DATA SHOWN START

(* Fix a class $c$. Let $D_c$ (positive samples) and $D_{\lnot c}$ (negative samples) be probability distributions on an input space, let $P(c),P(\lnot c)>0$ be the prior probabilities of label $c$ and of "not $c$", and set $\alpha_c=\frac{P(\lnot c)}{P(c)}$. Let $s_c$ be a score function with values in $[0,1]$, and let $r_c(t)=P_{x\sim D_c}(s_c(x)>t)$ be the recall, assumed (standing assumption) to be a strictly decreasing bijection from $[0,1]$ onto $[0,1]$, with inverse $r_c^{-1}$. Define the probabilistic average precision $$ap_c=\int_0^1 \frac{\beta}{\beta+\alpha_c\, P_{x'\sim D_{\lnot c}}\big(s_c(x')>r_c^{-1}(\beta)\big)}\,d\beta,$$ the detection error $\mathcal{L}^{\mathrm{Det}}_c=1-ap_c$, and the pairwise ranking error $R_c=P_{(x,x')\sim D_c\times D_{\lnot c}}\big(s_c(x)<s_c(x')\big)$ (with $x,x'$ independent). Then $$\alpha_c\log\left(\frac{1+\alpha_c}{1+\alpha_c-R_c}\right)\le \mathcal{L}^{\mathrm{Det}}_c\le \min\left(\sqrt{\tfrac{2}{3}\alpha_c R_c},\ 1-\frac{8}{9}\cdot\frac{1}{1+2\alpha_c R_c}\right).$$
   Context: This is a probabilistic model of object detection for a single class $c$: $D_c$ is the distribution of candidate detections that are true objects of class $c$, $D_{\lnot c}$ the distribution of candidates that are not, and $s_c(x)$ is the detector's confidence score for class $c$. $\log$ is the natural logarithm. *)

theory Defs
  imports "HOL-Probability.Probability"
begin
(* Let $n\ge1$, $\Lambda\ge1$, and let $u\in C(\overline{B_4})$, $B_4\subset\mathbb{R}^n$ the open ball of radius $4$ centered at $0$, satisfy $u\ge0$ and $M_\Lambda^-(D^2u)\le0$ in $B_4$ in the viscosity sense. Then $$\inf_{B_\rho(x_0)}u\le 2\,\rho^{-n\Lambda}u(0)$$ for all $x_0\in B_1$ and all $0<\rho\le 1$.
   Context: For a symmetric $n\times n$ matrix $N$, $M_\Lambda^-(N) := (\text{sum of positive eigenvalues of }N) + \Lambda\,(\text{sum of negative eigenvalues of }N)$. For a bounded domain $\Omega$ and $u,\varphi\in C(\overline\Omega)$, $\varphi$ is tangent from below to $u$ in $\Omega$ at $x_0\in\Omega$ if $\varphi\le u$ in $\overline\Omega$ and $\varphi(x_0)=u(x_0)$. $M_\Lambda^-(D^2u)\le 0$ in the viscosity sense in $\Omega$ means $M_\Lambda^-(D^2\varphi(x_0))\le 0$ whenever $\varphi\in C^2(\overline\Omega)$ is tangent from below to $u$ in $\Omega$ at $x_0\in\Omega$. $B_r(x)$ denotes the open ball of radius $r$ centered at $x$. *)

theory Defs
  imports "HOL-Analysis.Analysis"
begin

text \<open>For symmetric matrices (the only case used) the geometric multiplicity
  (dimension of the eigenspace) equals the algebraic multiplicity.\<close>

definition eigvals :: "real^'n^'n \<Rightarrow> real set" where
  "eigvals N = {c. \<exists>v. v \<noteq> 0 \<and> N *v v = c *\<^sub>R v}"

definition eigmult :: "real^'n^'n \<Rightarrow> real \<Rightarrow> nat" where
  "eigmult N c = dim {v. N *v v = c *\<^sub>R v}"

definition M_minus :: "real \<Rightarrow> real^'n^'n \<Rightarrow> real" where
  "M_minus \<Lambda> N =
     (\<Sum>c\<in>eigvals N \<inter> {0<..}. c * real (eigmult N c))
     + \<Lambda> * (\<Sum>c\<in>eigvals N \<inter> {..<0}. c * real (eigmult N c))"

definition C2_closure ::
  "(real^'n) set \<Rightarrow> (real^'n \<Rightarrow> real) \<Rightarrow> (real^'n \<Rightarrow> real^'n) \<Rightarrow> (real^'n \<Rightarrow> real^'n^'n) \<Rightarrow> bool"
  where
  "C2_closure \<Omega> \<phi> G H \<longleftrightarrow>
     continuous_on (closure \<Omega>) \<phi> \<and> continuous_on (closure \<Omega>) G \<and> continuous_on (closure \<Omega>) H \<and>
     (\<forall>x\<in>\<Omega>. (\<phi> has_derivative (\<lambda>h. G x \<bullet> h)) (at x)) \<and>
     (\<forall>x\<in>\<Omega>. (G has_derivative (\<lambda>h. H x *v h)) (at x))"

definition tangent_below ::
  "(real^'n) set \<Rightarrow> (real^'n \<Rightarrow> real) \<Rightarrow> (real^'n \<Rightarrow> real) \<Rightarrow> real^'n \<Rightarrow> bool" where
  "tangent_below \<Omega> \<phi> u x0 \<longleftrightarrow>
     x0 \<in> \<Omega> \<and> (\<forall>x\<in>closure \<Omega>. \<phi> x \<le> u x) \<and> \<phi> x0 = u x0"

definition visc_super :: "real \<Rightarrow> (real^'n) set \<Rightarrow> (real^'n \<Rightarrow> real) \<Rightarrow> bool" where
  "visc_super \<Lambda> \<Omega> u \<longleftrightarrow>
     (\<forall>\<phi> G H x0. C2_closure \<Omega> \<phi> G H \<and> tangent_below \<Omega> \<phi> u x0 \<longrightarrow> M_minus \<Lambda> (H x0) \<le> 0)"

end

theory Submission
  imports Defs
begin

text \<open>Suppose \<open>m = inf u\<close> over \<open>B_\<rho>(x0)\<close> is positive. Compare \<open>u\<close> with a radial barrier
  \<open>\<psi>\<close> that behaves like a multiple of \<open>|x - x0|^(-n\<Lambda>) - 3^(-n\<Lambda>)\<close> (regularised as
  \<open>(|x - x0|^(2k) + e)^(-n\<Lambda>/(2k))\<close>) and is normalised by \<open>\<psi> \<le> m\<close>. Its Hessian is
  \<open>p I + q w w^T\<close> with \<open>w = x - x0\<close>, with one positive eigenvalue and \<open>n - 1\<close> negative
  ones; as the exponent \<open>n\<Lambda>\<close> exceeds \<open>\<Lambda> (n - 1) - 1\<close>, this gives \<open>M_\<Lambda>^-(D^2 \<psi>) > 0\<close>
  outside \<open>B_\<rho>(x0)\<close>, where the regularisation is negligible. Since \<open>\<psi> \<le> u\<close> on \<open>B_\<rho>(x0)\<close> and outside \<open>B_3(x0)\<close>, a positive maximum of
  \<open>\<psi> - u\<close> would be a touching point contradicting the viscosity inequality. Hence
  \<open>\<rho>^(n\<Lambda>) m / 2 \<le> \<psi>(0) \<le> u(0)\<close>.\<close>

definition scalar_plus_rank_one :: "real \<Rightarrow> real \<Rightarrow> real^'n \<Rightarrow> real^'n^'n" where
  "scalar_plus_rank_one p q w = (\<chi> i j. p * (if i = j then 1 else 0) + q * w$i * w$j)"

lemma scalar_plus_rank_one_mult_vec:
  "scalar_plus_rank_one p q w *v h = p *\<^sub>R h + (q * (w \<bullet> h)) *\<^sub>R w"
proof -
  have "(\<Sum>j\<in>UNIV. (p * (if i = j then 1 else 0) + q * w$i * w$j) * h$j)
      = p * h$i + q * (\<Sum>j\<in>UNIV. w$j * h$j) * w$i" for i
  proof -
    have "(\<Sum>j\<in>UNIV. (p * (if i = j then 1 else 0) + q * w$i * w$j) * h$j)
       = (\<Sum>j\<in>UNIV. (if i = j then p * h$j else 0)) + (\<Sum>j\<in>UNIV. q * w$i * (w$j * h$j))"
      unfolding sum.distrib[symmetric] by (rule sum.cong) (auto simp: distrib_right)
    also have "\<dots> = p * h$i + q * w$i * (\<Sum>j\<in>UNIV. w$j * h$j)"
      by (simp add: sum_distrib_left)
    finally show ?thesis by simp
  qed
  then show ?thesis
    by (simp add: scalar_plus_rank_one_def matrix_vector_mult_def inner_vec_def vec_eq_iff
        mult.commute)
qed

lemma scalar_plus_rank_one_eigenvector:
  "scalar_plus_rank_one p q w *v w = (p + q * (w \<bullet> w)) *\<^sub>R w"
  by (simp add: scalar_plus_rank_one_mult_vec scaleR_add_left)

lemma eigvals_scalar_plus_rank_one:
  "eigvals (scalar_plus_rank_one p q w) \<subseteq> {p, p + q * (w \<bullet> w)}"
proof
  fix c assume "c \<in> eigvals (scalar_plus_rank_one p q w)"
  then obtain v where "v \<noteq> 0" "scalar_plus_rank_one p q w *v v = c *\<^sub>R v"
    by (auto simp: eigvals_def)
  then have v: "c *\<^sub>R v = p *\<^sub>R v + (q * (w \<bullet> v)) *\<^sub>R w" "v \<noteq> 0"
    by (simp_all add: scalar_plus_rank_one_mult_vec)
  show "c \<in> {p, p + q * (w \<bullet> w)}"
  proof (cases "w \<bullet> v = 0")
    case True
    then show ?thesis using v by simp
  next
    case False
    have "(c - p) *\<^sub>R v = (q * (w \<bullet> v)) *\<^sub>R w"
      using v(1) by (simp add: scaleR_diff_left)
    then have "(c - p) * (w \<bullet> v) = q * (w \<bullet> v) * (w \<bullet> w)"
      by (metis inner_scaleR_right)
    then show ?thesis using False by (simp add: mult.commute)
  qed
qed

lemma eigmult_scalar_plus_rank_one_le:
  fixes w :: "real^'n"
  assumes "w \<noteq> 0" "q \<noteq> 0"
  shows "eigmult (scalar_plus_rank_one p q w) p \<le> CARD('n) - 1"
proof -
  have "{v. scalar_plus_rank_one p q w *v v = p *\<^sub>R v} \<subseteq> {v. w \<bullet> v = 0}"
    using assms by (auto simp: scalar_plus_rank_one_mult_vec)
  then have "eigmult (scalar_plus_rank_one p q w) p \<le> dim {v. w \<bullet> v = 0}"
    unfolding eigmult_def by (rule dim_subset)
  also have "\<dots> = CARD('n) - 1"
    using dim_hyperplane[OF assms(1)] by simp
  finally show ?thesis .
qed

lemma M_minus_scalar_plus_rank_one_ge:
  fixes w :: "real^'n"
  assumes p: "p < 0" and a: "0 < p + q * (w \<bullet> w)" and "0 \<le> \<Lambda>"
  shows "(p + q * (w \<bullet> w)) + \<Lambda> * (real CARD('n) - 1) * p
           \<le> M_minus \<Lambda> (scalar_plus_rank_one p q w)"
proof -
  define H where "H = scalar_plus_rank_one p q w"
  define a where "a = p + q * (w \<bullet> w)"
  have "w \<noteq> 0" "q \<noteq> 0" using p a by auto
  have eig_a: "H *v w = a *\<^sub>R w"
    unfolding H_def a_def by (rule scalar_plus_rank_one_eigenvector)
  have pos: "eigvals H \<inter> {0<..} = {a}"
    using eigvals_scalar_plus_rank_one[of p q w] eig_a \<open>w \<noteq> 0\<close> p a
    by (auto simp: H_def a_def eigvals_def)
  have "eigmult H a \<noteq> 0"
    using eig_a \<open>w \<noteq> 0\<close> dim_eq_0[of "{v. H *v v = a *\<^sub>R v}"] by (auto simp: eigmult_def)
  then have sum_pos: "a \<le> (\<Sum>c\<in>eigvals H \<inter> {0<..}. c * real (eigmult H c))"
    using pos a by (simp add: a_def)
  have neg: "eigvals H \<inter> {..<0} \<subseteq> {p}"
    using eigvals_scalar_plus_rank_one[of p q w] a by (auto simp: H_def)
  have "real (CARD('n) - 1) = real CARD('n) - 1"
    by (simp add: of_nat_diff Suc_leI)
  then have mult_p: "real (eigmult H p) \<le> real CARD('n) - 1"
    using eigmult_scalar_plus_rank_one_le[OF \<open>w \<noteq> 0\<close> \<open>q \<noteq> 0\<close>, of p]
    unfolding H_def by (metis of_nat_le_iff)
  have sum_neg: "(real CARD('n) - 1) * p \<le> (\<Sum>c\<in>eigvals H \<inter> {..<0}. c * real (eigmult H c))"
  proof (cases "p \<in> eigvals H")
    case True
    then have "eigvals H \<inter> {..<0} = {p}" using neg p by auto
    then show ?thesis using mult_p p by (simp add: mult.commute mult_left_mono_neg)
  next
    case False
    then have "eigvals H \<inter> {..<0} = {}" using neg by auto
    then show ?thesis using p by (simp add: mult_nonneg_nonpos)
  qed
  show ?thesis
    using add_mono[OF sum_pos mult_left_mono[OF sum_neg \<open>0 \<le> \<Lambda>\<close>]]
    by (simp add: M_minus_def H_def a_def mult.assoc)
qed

DATA SHOWN END

▶ WHAT YOU NEED TO DO:
Which lines above run from the one containing "using eigmult_scalar_plus_rank_one_le[OF \<open>w" down to the one containing "neg by auto"? Repeat exactly those, both ends included, and nothing else.

▶ RESULT FOR THIS EXERCISE:
    using eigmult_scalar_plus_rank_one_le[OF \<open>w \<noteq> 0\<close> \<open>q \<noteq> 0\<close>, of p]
    unfolding H_def by (metis of_nat_le_iff)
  have sum_neg: "(real CARD('n) - 1) * p \<le> (\<Sum>c\<in>eigvals H \<inter> {..<0}. c * real (eigmult H c))"
  proof (cases "p \<in> eigvals H")
    case True
    then have "eigvals H \<inter> {..<0} = {p}" using neg p by auto
    then show ?thesis using mult_p p by (simp add: mult.commute mult_left_mono_neg)
  next
    case False
    then have "eigvals H \<inter> {..<0} = {}" using neg by auto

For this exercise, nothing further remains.